After the establishment of the People's Republic in 1949, China reorganized its science establishment along Soviet lines. From 1975, science and technology were one of the Four Modernizations, and its high-speed development was declared essential to all national economic development by Deng Xiaoping. Scientific research in nuclear weapons, satellite launching, superconductivity and high-yield hybrid rice led to new developments due to the application of science to industry and foreign technology transfer.

As the People's Republic of China becomes better connected to the global economy, the government placed more emphasis on science and technology. This has led to increases in funding, improved scientific structure, and more money for research. These factors have led to advancements in agriculture, medicine, genetics, and global change. In 2003, the Chinese space program allowed China to become the third country to send humans into space, and ambition to put a man on mars by 2030.

In the 2000s and 2010s, China became a top scientific and industrial power in more advanced fields such as supercomputing, artificial intelligence, bullet trains, aeronautics, nuclear physics researches and other fields. China is now increasingly targeting indigenous innovation and aims to reform remaining weaknesses.

 

Analysis

The sunglass camera is connected by an electronic lead to a hand-held device. The device has an app where police officers can process images they have taken of suspicious individuals. "The facial information captured by the glasses will be sent back to a database for comparison with the information of suspects on the wanted list," Zhang Xiaolei, a local police official told the Global Times newspaper.

The app allows access to the database that also provides information on whether the suspect is on the run from police, and even their recent Internet history. According to People’s Daily, “four officers are using the glasses at the entrances to Zhengzhou’s east station.” They further added that so far, police have caught seven people connected to major criminal cases and 26 who were using false IDs while traveling.

BBC has reported that “there are fears that China's authoritarian leaders will use the sunglasses to track political dissidents or profile ethnic minorities.”

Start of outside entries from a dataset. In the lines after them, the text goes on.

text \<open>Theorem 6.  Choosing eta so small that the slope becomes 1 - (1 - L)/2 gives the
  drift condition with delta = (1 - L)/2 and U = W + 1.\<close>

theorem mainTheorem6:
  fixes A :: "('n::finite \<Rightarrow> nat) pmf"
    and evac :: "('p,'s::finite,'n) evac_law"
    and Adm :: "'p set"
    and pol :: "('n \<Rightarrow> nat) \<Rightarrow> 's \<Rightarrow> 'p"
    and \<epsilon> L :: real
  assumes convention0: "\<And>p s. p \<in> Adm \<Longrightarrow> Tbar evac p s (\<lambda>_. 0) = 1"
    and F2F3: "\<And>p q s k l. p \<in> Adm \<Longrightarrow> (\<And>s'. q s' \<in> Adm) \<Longrightarrow>
          \<exists>r\<in>Adm. Tbar evac r s (\<lambda>i. k i + l i)
                  \<le> Tbar evac p s k + (SUP s'. Tbar evac (q s') s' l)"
    and SA1: "\<And>s k. Tstar evac Adm s k < \<top>"
    and SA5: "\<exists>ph\<in>Adm. \<exists>C0 C1. 0 \<le> C0 \<and> 0 \<le> C1 \<and>
          (\<forall>s k. Tbar evac ph s k \<le> ennreal (C1 * real (\<Sum>i\<in>UNIV. k i) + C0))"
    and SA6: "\<exists>D0. \<forall>s k i. Tstar evac Adm s k \<le> Tstar evac Adm s (k(i := k i + 1)) + ennreal D0"
    and arr_mean: "\<And>i. integrable (measure_pmf A) (\<lambda>a. real (a i))"
    and pol_in: "\<And>k s. pol k s \<in> Adm"
    and pol_eps: "\<And>k s. Tbar evac (pol k s) s k \<le> Tstar evac Adm s k + ennreal \<epsilon>"
    and hatT: "(\<lambda>t::nat. enn2real (Tmax_real evac Adm (\<lambda>i. real t * mean_rate A i)) / real t)
                 \<longlonglongrightarrow> L"
    and hatT_lt1: "L < 1"
    and eps_pos: "0 < \<epsilon>"
    and eps_lt: "\<epsilon> < 1 - L"
  shows "\<exists>U>0. \<exists>\<delta>. 0 < \<delta> \<and> \<delta> \<le> 1 \<and>
           (\<forall>\<tau> s. 1 \<le> \<tau> \<longrightarrow>
              next_epoch_mean A evac pol \<tau> s \<le> ennreal (U + (1 - \<delta>) * real \<tau>)) \<and>
           (\<forall>\<delta>1>0. finite {(\<tau>, s::'s). 1 \<le> \<tau> \<and> U / real \<tau> > \<delta>1})"
proof -
  obtain ph C0 C1 where ph: "ph \<in> Adm" and C0: "0 \<le> C0" and C1: "0 \<le> C1"
    and ph_bound: "\<And>s k. Tbar evac ph s k \<le> ennreal (C1 * real (\<Sum>i\<in>UNIV. k i) + C0)"
    using SA5 by blast
  obtain D where "\<And>s k i. Tstar evac Adm s k \<le> Tstar evac Adm s (k(i := k i + 1)) + ennreal D"
    using SA6 by blast
  then have SA6': "Tstar evac Adm s k \<le> Tstar evac Adm s (k(i := k i + 1)) + ennreal (max 0 D)" for s k i
    by (cases "0 \<le> D") (auto simp: ennreal_neg)
  have D0: "0 \<le> max 0 D"
    by simp
  define \<rho> where "\<rho> = 1 + (C1 + max 0 D) * real CARD('n)"
  have "1 \<le> \<rho>"
    using C1 by (simp add: \<rho>_def)
  define \<eta> where "\<eta> = (1 - L) / (2 * \<rho>)"
  have \<eta>: "0 < \<eta>" and drift: "L + \<eta> * \<rho> = 1 - (1 - L) / 2"
    using hatT_lt1 \<open>1 \<le> \<rho>\<close> by (auto simp: \<eta>_def field_simps)
  obtain W where W: "0 \<le> W"
    and growth: "\<And>\<tau> s. next_epoch_mean A evac pol \<tau> s \<le> ennreal (W + (L + \<eta> * \<rho>) * real \<tau>)"
    using next_epoch_mean_linear_growth[OF Tstar_add_by_bounded_policy[OF F2F3 ph ph_bound]
        Tstar_add_vector[OF D0 SA6'] C0 C1 D0 SA1 arr_mean pol_eps _ hatT \<eta>] eps_pos
    unfolding \<rho>_def by auto
  have "0 \<le> L"
    by (rule LIMSEQ_le_const[OF hatT]) auto
  have "next_epoch_mean A evac pol \<tau> s \<le> ennreal (W + 1 + (1 - (1 - L) / 2) * real \<tau>)" for \<tau> s
    using growth[of \<tau> s] unfolding drift by (rule order_trans) (simp add: ennreal_leI)
  moreover have "\<forall>\<delta>1>0. finite {(\<tau>, s::'s). 1 \<le> \<tau> \<and> (W + 1) / real \<tau> > \<delta>1}"
    using finite_ratio_superlevel by blast
  moreover have "0 < W + 1" and "0 < (1 - L) / 2" and "(1 - L) / 2 \<le> 1"
    using W \<open>0 \<le> L\<close> hatT_lt1 by auto
  ultimately show ?thesis
    by blast
qed

end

China is a world leader in facial recognition technology. The country has been building "the world's biggest camera surveillance network". An estimated 170 million CCTV cameras are already in place and some 400 million new ones are expected be installed in the next three years.

Many of the cameras use artificial intelligence, including facial recognition technology. 

Assessment

Our assessment is that if facial data and related information is breached and uploaded on the internet, this could cause massive problems for the nation and its people. We believe that the real intent of the Chinese using facial recognition technology in such a ubiquitous form is to quell internal protests; should the Chinese government find it very difficult to sustain the growth level that is extremely necessary to keep the social contract afloat between the people and the communist party.